- _What to do_
Using the records underneath, tally the lines where the word "show" appears and please give only the count.

- _Recorded information_
# # # #
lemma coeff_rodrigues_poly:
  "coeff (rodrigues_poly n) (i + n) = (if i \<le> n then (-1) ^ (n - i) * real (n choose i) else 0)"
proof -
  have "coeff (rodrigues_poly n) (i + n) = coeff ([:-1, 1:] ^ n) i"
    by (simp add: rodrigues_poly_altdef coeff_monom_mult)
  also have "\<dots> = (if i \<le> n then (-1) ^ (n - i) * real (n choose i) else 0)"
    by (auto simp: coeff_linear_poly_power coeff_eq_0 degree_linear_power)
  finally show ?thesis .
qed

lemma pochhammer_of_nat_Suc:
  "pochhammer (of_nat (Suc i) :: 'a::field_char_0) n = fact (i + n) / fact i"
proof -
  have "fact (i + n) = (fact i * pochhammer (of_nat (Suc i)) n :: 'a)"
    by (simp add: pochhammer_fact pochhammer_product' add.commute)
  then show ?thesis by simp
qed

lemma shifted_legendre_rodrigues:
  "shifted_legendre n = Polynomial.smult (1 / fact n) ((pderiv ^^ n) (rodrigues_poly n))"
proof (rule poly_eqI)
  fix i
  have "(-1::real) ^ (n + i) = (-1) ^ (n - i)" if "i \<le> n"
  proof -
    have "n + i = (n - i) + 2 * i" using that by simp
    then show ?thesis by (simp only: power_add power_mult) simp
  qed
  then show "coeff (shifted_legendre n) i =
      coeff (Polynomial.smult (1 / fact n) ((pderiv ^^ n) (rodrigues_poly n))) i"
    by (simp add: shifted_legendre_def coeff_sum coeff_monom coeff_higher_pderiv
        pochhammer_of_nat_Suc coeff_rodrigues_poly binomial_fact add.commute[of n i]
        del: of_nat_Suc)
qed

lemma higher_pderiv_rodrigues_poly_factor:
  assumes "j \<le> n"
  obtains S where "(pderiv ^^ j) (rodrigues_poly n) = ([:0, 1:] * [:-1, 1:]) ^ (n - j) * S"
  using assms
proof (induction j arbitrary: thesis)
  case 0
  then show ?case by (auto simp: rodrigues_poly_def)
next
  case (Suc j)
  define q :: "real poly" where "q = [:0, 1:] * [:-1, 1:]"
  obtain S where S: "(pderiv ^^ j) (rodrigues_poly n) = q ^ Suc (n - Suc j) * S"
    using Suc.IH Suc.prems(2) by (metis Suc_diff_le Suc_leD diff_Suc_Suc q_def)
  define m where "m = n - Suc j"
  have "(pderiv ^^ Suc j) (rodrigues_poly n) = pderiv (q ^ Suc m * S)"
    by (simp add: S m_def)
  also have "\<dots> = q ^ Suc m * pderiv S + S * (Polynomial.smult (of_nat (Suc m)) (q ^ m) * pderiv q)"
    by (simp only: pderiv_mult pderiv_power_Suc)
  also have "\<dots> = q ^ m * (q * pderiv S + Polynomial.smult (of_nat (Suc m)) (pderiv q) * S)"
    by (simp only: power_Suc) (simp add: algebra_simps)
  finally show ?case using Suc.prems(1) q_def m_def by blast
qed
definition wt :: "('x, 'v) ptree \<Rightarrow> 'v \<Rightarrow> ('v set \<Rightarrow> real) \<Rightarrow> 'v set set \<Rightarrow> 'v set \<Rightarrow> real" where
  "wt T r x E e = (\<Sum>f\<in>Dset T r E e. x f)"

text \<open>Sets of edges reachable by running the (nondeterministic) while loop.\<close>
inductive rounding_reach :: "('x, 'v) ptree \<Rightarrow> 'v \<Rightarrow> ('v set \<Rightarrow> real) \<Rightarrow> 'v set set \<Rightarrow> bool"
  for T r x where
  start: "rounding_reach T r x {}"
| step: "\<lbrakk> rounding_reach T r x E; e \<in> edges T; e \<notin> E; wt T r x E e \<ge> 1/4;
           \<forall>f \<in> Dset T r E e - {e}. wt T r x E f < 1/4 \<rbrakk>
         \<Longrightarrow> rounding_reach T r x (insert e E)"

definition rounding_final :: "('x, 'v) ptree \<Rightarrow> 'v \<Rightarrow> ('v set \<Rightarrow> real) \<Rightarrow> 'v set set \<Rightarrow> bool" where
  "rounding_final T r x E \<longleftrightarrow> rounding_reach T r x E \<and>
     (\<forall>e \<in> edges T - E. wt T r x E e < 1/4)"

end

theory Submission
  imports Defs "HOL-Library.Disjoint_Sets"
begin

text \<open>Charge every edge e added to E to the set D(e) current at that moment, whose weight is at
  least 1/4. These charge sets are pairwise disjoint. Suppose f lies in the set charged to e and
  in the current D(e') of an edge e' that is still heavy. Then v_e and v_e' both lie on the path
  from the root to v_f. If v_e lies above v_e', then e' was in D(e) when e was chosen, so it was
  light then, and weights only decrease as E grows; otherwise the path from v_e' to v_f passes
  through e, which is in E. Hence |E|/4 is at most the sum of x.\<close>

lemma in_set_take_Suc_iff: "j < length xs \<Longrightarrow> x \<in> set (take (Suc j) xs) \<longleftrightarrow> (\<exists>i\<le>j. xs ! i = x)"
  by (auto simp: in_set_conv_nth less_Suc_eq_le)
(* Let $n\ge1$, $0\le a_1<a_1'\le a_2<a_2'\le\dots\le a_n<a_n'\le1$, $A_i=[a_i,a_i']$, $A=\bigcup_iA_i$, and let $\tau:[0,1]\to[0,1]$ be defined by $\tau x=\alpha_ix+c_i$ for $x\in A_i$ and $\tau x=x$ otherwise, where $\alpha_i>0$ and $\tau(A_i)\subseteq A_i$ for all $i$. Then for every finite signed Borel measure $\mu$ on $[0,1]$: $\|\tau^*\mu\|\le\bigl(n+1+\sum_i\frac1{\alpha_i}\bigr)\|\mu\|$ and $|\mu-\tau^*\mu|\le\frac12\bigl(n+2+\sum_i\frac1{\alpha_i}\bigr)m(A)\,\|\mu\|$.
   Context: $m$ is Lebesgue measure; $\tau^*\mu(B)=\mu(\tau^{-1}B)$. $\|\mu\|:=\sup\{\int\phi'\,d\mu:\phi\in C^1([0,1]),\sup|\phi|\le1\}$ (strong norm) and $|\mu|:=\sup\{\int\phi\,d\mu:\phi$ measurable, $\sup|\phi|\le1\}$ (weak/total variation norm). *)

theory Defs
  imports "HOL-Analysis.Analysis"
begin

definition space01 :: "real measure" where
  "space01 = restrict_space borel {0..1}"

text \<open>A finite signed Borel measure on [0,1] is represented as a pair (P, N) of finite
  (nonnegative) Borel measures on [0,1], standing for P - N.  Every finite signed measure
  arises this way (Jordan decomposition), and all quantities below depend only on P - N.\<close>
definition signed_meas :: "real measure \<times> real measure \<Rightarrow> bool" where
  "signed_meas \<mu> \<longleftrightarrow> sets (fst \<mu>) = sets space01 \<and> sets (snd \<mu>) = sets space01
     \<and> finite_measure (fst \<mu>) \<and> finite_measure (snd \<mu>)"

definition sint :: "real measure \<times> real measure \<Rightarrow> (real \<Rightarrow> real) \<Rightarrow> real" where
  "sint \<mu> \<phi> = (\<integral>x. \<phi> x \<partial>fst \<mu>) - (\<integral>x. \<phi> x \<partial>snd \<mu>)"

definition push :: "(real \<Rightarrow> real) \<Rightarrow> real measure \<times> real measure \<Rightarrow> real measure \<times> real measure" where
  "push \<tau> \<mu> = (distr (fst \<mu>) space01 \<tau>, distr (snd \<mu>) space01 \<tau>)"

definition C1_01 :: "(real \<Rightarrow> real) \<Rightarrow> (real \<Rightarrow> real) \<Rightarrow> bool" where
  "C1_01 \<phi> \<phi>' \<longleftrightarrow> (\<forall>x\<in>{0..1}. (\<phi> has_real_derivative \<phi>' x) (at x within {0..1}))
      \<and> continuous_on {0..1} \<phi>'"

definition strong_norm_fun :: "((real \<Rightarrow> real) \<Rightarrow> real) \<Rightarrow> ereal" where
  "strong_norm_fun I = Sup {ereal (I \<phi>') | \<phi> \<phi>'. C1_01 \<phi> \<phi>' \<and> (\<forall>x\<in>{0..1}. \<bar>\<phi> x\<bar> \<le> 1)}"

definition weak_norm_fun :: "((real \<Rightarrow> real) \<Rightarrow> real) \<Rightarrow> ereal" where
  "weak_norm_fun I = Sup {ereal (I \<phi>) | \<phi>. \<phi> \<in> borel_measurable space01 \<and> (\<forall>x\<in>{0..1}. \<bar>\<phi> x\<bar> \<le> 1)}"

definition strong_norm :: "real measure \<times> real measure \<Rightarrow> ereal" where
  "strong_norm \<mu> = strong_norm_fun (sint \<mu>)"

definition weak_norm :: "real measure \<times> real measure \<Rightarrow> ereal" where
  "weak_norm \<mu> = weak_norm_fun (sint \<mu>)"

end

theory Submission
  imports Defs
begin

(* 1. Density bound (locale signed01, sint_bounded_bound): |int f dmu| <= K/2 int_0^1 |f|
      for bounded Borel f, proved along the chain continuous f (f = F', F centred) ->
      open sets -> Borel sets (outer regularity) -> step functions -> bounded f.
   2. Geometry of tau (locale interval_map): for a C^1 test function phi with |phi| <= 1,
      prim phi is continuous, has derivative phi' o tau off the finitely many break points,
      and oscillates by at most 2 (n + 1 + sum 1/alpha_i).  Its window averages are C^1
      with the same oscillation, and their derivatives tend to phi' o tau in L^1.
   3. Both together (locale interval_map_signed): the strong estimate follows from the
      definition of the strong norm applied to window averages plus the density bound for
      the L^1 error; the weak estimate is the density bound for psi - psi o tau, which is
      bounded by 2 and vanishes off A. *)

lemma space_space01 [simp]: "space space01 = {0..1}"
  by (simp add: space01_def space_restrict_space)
# # # #
- _Answer space_
6